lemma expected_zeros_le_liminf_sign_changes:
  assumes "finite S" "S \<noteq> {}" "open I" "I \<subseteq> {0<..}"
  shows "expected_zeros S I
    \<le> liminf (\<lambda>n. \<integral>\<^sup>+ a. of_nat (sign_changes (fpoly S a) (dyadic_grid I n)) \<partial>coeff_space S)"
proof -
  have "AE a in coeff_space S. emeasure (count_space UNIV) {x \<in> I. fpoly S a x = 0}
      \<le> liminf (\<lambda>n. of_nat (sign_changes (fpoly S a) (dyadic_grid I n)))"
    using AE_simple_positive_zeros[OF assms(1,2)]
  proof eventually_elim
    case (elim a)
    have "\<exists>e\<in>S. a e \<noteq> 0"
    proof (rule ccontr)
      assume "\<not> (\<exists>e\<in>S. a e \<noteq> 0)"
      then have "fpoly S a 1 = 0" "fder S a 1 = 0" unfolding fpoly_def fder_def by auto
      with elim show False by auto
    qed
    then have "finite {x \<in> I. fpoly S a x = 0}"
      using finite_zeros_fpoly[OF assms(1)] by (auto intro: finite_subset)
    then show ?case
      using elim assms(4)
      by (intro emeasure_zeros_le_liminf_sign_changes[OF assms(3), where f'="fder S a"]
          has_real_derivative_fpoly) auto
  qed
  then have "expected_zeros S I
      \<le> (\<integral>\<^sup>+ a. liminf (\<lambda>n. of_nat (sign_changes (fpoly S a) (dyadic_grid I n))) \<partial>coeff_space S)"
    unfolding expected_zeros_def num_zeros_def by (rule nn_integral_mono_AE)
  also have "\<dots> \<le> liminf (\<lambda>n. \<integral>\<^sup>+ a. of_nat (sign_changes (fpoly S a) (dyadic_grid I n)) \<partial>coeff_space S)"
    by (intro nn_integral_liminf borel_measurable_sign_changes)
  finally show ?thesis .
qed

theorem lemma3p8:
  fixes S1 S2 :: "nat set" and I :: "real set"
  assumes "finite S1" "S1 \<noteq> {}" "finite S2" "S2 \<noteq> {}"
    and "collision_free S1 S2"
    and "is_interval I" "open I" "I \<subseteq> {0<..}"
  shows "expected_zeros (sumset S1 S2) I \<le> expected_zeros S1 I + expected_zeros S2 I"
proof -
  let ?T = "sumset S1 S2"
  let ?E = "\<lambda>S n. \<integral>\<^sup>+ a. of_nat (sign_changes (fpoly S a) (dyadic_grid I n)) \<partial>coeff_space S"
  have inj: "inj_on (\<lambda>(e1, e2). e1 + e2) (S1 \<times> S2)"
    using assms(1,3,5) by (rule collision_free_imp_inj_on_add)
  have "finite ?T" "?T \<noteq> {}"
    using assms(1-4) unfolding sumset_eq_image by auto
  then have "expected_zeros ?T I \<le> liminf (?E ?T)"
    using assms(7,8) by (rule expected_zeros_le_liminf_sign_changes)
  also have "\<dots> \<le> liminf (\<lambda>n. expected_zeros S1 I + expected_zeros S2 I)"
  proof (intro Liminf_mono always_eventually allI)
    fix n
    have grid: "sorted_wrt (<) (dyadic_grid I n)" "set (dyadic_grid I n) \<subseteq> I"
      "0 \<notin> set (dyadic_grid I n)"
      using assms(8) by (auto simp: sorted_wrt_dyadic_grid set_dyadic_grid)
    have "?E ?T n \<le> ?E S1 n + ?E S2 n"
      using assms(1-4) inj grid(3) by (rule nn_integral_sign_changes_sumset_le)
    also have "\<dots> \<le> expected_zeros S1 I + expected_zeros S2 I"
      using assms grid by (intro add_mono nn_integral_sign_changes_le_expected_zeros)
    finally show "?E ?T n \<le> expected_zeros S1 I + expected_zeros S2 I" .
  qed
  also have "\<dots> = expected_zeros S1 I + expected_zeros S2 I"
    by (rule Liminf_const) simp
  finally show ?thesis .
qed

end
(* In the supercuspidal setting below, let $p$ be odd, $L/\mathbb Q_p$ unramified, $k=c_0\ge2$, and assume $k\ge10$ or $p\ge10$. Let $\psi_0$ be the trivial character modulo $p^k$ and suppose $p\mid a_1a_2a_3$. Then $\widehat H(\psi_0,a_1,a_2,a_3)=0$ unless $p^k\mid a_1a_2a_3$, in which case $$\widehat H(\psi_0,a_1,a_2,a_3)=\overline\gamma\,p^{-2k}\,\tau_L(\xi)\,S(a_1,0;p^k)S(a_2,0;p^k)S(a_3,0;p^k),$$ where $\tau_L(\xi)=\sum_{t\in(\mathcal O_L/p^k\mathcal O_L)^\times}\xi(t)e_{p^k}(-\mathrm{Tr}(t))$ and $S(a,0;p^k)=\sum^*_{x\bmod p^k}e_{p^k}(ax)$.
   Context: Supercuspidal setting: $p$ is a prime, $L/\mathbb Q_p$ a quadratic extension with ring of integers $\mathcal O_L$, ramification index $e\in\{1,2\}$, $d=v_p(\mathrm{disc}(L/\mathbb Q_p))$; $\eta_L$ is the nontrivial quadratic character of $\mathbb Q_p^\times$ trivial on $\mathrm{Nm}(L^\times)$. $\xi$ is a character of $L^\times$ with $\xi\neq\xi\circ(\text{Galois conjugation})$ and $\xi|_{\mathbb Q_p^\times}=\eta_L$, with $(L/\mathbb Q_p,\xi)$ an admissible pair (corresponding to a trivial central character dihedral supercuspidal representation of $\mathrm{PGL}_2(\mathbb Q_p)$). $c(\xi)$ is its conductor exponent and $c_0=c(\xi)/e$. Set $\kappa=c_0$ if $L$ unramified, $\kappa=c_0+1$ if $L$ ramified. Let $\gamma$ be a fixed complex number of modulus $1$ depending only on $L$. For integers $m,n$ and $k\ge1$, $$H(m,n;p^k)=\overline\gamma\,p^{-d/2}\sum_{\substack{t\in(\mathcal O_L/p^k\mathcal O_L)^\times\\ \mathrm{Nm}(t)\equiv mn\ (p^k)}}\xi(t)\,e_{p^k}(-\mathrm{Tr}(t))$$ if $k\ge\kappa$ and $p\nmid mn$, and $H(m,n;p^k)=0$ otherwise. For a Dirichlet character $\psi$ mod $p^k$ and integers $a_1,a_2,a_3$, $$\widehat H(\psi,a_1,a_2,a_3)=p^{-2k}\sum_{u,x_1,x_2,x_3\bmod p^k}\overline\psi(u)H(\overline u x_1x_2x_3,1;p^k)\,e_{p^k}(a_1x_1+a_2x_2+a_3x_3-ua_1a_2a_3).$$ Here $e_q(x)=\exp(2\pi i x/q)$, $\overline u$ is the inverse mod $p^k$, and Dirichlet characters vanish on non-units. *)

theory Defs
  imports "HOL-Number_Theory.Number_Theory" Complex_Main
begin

..............................

REQUIREMENT
Please copy, without any change, the lines of the material from the first through the one containing "using AE_simple_positive_zeros[OF assms(1,2)]". Write nothing else.

WRITTEN ANSWER
lemma expected_zeros_le_liminf_sign_changes:
  assumes "finite S" "S \<noteq> {}" "open I" "I \<subseteq> {0<..}"
  shows "expected_zeros S I
    \<le> liminf (\<lambda>n. \<integral>\<^sup>+ a. of_nat (sign_changes (fpoly S a) (dyadic_grid I n)) \<partial>coeff_space S)"
proof -
  have "AE a in coeff_space S. emeasure (count_space UNIV) {x \<in> I. fpoly S a x = 0}
      \<le> liminf (\<lambda>n. of_nat (sign_changes (fpoly S a) (dyadic_grid I n)))"
    using AE_simple_positive_zeros[OF assms(1,2)]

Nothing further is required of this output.